→ Aim of the task: Each line of the records below that contains "coordinates" needs to be copied.

>>

text \<open>
  (1) By induction on \<open>j\<close> we prove more: a set \<open>\<Lambda>\<close> of at most \<open>\<aleph>\<^sub>j\<close> tuples is free even
  if the coordinate at which a tuple \<open>\<eta>\<close> becomes new has to be taken from a prescribed set
  \<open>F \<eta>\<close> of more than \<open>j\<close> coordinates. A countable \<open>\<Lambda>\<close> is enumerated with finite initial
  segments; as two distinct tuples have distinct \<open>m\<close>-restrictions of all large lengths, any
  coordinate works. If \<open>|\<Lambda>| \<le> \<aleph>\<^sub>j\<^sub>+\<^sub>1\<close>, well-order \<open>\<Lambda>\<close> with initial segments of size
  \<open>\<le> \<aleph>\<^sub>j\<close>, and let the key of \<open>\<eta>\<close> be the last of the first tuples in which the coordinates
  of \<open>\<eta>\<close> occur, attained at the coordinate \<open>lc \<eta>\<close>. The tuples with a given key are built from
  coordinates of an initial segment, so there are at most \<open>\<aleph>\<^sub>j\<close> of them, and by induction
  they are free with \<open>lc \<eta>\<close> removed from \<open>F \<eta>\<close>. Listing these blocks in the order of their
  keys preserves newness: a tuple with the same \<open>m\<close>-restriction as \<open>\<eta>\<close>, \<open>m \<noteq> lc \<eta>\<close>, shares
  the coordinate \<open>lc \<eta>\<close> with \<open>\<eta>\<close> and therefore has a key not below that of \<open>\<eta>\<close>.

  (2) If \<open>\<eta>\<close> is new at coordinate \<open>m0 \<eta>\<close> from length \<open>n0 \<eta>\<close> on, the relation indexed by
  \<open>(\<eta>, n)\<close> can be solved, with coefficient \<open>-1\<close>, for \<open>y\<^sub>\<eta>\<^sub>,\<^sub>n\<close> if \<open>n < n0 \<eta>\<close> and for the
  generator \<open>x\<close> of \<open>tup_restr \<eta> (m0 \<eta>) n\<close> otherwise. None of these pivots occurs in a relation
  that comes earlier in a suitable well-founded order, so the relations are triangular and
  \<open>G\<^sub>x\<close> is free on the generators that are not pivots.
\<close>

section \<open>Quotients of free Abelian groups by triangular relations\<close>

lemma (in normal) FactGroup_iso_complement:
  assumes K: "subgroup K G" and trivial: "K \<inter> H \<subseteq> {\<one>}"
    and cover: "\<And>g. g \<in> carrier G \<Longrightarrow> \<exists>x\<in>K. g \<otimes> inv x \<in> H"
  shows "G\<lparr>carrier := K\<rparr> \<cong> G Mod H"
proof -
  have KG: "x \<in> carrier G" if "x \<in> K" for x
    using subgroup.subset[OF K] that by blast
  have hom: "(#>) H \<in> hom (G\<lparr>carrier := K\<rparr>) (G Mod H)"
    using r_coset_hom_Mod by (auto simp: hom_def KG)
  have "inj_on ((#>) H) K"
  proof (rule inj_onI)
    fix x y assume x: "x \<in> K" and y: "y \<in> K" and eq: "H #> x = H #> y"
    have "x \<in> H #> y"
      using rcos_self[OF KG[OF x] subgroup_axioms] eq by simp
    then have "x \<otimes> inv y \<in> H"
      by (rule rcos_module_imp[OF is_group KG[OF y]])
    moreover have "x \<otimes> inv y \<in> K"
      using x y K by (simp add: subgroup.m_closed subgroup.m_inv_closed)
    ultimately have "x \<otimes> inv y = \<one>"
      using trivial by blast
    then show "x = y"
      using KG x y by (metis inv_closed inv_equality inv_inv)
  qed
  moreover have "H #> g \<in> (#>) H ` K" if g: "g \<in> carrier G" for g
  proof -
    obtain x where x: "x \<in> K" "g \<otimes> inv x \<in> H"
      using cover[OF g] by blast
    then have "g \<in> H #> x"
      by (intro rcos_module_rev[OF is_group KG g])
    then have "H #> g = H #> x"
      using repr_independence[OF _ KG[OF x(1)] subgroup_axioms] by simp
    then show ?thesis
      using x(1) by blast
  qed
  then have "(#>) H ` K = carrier (G Mod H)"
    using KG by (auto simp: carrier_FactGroup)
  ultimately show ?thesis
    using hom by (auto simp: is_iso_def iso_def bij_betw_def)
qed

lemma subgroup_carrier_free_Abelian_group:
  assumes "Y \<subseteq> X"
  shows "subgroup (carrier (free_Abelian_group Y)) (free_Abelian_group X)"
proof (rule group.subgroupI)
  fix a :: "'a \<Rightarrow>\<^sub>0 int" assume "a \<in> carrier (free_Abelian_group Y)"
  moreover from this have "inv\<^bsub>free_Abelian_group X\<^esub> a = - a"
    using assms by (intro inv_free_Abelian_group) auto
  ultimately show "inv\<^bsub>free_Abelian_group X\<^esub> a \<in> carrier (free_Abelian_group Y)"
    by simp
next
  have "0 \<in> carrier (free_Abelian_group Y)"
    by simp
  then show "carrier (free_Abelian_group Y) \<noteq> {}"
    by blast
qed (use assms in \<open>auto dest: subsetD[OF keys_add]\<close>)

lemma free_Abelian_group_Mod_iso_complement:
  assumes N: "subgroup N (free_Abelian_group X)" and "Y \<subseteq> X"
    and trivial: "\<And>a. a \<in> N \<Longrightarrow> Poly_Mapping.keys a \<subseteq> Y \<Longrightarrow> a = 0"
    and cover: "\<And>w. Poly_Mapping.keys w \<subseteq> X \<Longrightarrow> \<exists>v. Poly_Mapping.keys v \<subseteq> Y \<and> w - v \<in> N"
  shows "free_Abelian_group X Mod N \<cong> free_Abelian_group Y"
proof -
  let ?F = "free_Abelian_group X" and ?K = "carrier (free_Abelian_group Y)"
  interpret F: comm_group ?F
    by (rule abelian_free_Abelian_group)
  interpret N: normal N ?F
    by (rule F.subgroup_imp_normal[OF N])
  have "?F\<lparr>carrier := ?K\<rparr> \<cong> ?F Mod N"
  proof (rule N.FactGroup_iso_complement)
    show "subgroup ?K ?F"
      using \<open>Y \<subseteq> X\<close> by (rule subgroup_carrier_free_Abelian_group)
    show "?K \<inter> N \<subseteq> {\<one>\<^bsub>?F\<^esub>}"
    proof
      fix a assume "a \<in> ?K \<inter> N"
      then show "a \<in> {\<one>\<^bsub>?F\<^esub>}"
        using trivial by simp
    qed
  next
    fix g assume "g \<in> carrier ?F"
    then have "Poly_Mapping.keys g \<subseteq> X"
      by simp
    from cover[OF this] obtain v where v: "Poly_Mapping.keys v \<subseteq> Y" "g - v \<in> N"
      by blast
    have "inv\<^bsub>?F\<^esub> v = - v"
      using v(1) \<open>Y \<subseteq> X\<close> by (intro inv_free_Abelian_group) auto
    then have "g \<otimes>\<^bsub>?F\<^esub> inv\<^bsub>?F\<^esub> v \<in> N"
      using v(2) by simp
    moreover have "v \<in> ?K"
      using v(1) by simp
    ultimately show "\<exists>x\<in>?K. g \<otimes>\<^bsub>?F\<^esub> inv\<^bsub>?F\<^esub> x \<in> N"
      by blast
  qed
  moreover have "?F\<lparr>carrier := ?K\<rparr> = free_Abelian_group Y"
    by (simp add: free_Abelian_group_def)
  ultimately have "free_Abelian_group Y \<cong> ?F Mod N"
    by simp
  then show ?thesis
    by (rule group.iso_sym[OF group_free_Abelian_group])
qed

definition frag_span :: "('i \<Rightarrow> 'x \<Rightarrow>\<^sub>0 int) \<Rightarrow> 'i set \<Rightarrow> ('x \<Rightarrow>\<^sub>0 int) set" where
  "frag_span rel I = frag_extend rel ` {c. Poly_Mapping.keys c \<subseteq> I}"

lemma zero_in_frag_span: "0 \<in> frag_span rel I"
  unfolding frag_span_def by (rule image_eqI[of _ _ 0]) auto

lemma rel_in_frag_span: "i \<in> I \<Longrightarrow> rel i \<in> frag_span rel I"
  unfolding frag_span_def by (rule image_eqI[of _ _ "frag_of i"]) auto

lemma diff_in_frag_span:
  assumes "a \<in> frag_span rel I" "b \<in> frag_span rel I"
  shows "a - b \<in> frag_span rel I"
proof -
  obtain c d where "Poly_Mapping.keys c \<subseteq> I" "a = frag_extend rel c"
    "Poly_Mapping.keys d \<subseteq> I" "b = frag_extend rel d"
    using assms by (auto simp: frag_span_def)
  then show ?thesis
    unfolding frag_span_def
    by (intro image_eqI[of _ _ "c - d"]) (auto simp: frag_extend_diff dest: subsetD[OF keys_diff])
qed

lemma cmul_in_frag_span: "a \<in> frag_span rel I \<Longrightarrow> frag_cmul u a \<in> frag_span rel I"
  by (rule frag_closure_minus_cmul) (auto intro: zero_in_frag_span diff_in_frag_span)

lemma generate_free_Abelian_group_subset_frag_span:
  assumes keys_rel: "\<And>i. i \<in> I \<Longrightarrow> Poly_Mapping.keys (rel i) \<subseteq> X"
  shows "generate (free_Abelian_group X) (rel ` I) \<subseteq> frag_span rel I"
proof
  fix a assume "a \<in> generate (free_Abelian_group X) (rel ` I)"
  then show "a \<in> frag_span rel I"
  proof (induction rule: generate.induct)
    case (inv h)
    then obtain i where "i \<in> I" "h = rel i"
      by blast
    moreover from this have "0 - rel i \<in> frag_span rel I"
      by (intro diff_in_frag_span zero_in_frag_span rel_in_frag_span)
    ultimately show ?case
      using keys_rel by simp
  next
    case (eng a b)
    then have "a - (0 - b) \<in> frag_span rel I"
      by (intro diff_in_frag_span zero_in_frag_span)
    then show ?case
      by simp
  qed (auto intro: zero_in_frag_span rel_in_frag_span)
qed

lemma frag_span_subset_generate_free_Abelian_group:
  assumes keys_rel: "\<And>i. i \<in> I \<Longrightarrow> Poly_Mapping.keys (rel i) \<subseteq> X"
  shows "frag_span rel I \<subseteq> generate (free_Abelian_group X) (rel ` I)"
proof (clarsimp simp: frag_span_def)
  let ?F = "free_Abelian_group X"
  interpret F: group ?F
    by simp
  have sub: "subgroup (generate ?F (rel ` I)) ?F"
    using keys_rel by (intro F.generate_is_subgroup) auto
  fix c :: "'a \<Rightarrow>\<^sub>0 int" assume "Poly_Mapping.keys c \<subseteq> I"
  then show "frag_extend rel c \<in> generate ?F (rel ` I)"
  proof (induction c rule: frag_induction)
    case zero
    then show ?case
      using generate.one[of ?F] by simp
  next
    case (one i)
    then show ?case
      by (auto intro: generate.incl)
  next
    case (diff a b)
    have "frag_extend rel b \<in> carrier ?F"
      using subgroup.subset[OF sub] diff.IH(2) by blast
    then have "frag_extend rel a \<otimes>\<^bsub>?F\<^esub> inv\<^bsub>?F\<^esub> frag_extend rel b = frag_extend rel (a - b)"
      by (simp add: frag_extend_diff)
    then show ?case
      using diff.IH sub by (metis subgroup.m_closed subgroup.m_inv_closed)
  qed
qed

lemma generate_free_Abelian_group_eq_frag_span:
  "(\<And>i. i \<in> I \<Longrightarrow> Poly_Mapping.keys (rel i) \<subseteq> X) \<Longrightarrow>
    generate (free_Abelian_group X) (rel ` I) = frag_span rel I"
  by (intro equalityI generate_free_Abelian_group_subset_frag_span
      frag_span_subset_generate_free_Abelian_group)

lemma frag_congruent_to_support:
  assumes "Poly_Mapping.keys w \<subseteq> K" and "0 \<in> M" and "\<And>a b. a \<in> M \<Longrightarrow> b \<in> M \<Longrightarrow> a - b \<in> M"
    and "\<And>x. x \<in> K \<Longrightarrow> \<exists>v. Poly_Mapping.keys v \<subseteq> Y \<and> frag_of x - v \<in> M"
  shows "\<exists>v. Poly_Mapping.keys v \<subseteq> Y \<and> w - v \<in> M"
  using assms(1)
proof (induction w rule: frag_induction)
  case zero
  then show ?case
    using assms(2) by (intro exI[of _ 0]) simp
next
  case (one x)
  then show ?case
    using assms(4) by blast
next
  case (diff a b)
  then obtain va vb where "Poly_Mapping.keys va \<subseteq> Y" "a - va \<in> M" "Poly_Mapping.keys vb \<subseteq> Y" "b - vb \<in> M"
    by blast
  moreover have "a - b - (va - vb) = (a - va) - (b - vb)"
    by simp
  ultimately show ?case
    using assms(3) keys_diff[of va vb] by (intro exI[of _ "va - vb"]) (metis Un_least order_trans)
qed

lemma wf_finite_has_maximal:
  assumes "wf R" "finite K" "K \<noteq> {}"
  shows "\<exists>i\<in>K. \<forall>j\<in>K. (i, j) \<notin> R"
proof -
  have "acyclic (R \<inter> K \<times> K)"
    using wf_acyclic[OF assms(1)] acyclic_subset by blast
  then have "wf ((R \<inter> K \<times> K)\<inverse>)"
    using assms(2) by (intro finite_acyclic_wf_converse) auto
  then obtain i where "i \<in> K" "\<And>j. (j, i) \<in> (R \<inter> K \<times> K)\<inverse> \<Longrightarrow> j \<notin> K"
    using wfE_min assms(3) by (metis ex_in_conv)
  then show ?thesis
    by blast
qed

locale triangular_relations =
  fixes X :: "'x set" and I :: "'i set" and rel :: "'i \<Rightarrow> 'x \<Rightarrow>\<^sub>0 int"
    and pivot :: "'i \<Rightarrow> 'x" and R :: "'i rel"
  assumes keys_rel: "\<And>i. i \<in> I \<Longrightarrow> Poly_Mapping.keys (rel i) \<subseteq> X"
    and unit_pivot: "\<And>i. i \<in> I \<Longrightarrow> is_unit (poly_mapping.lookup (rel i) (pivot i))"
    and wf: "wf R"
    and triangular: "\<And>i j. \<lbrakk>i \<in> I; j \<in> I; pivot j \<in> Poly_Mapping.keys (rel i); j \<noteq> i\<rbrakk> \<Longrightarrow> (j, i) \<in> R"
begin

<<

→ Result for this task:
  \<open>F \<eta>\<close> of more than \<open>j\<close> coordinates. A countable \<open>\<Lambda>\<close> is enumerated with finite initial
  \<open>\<le> \<aleph>\<^sub>j\<close>, and let the key of \<open>\<eta>\<close> be the last of the first tuples in which the coordinates
  coordinates of an initial segment, so there are at most \<open>\<aleph>\<^sub>j\<close> of them, and by induction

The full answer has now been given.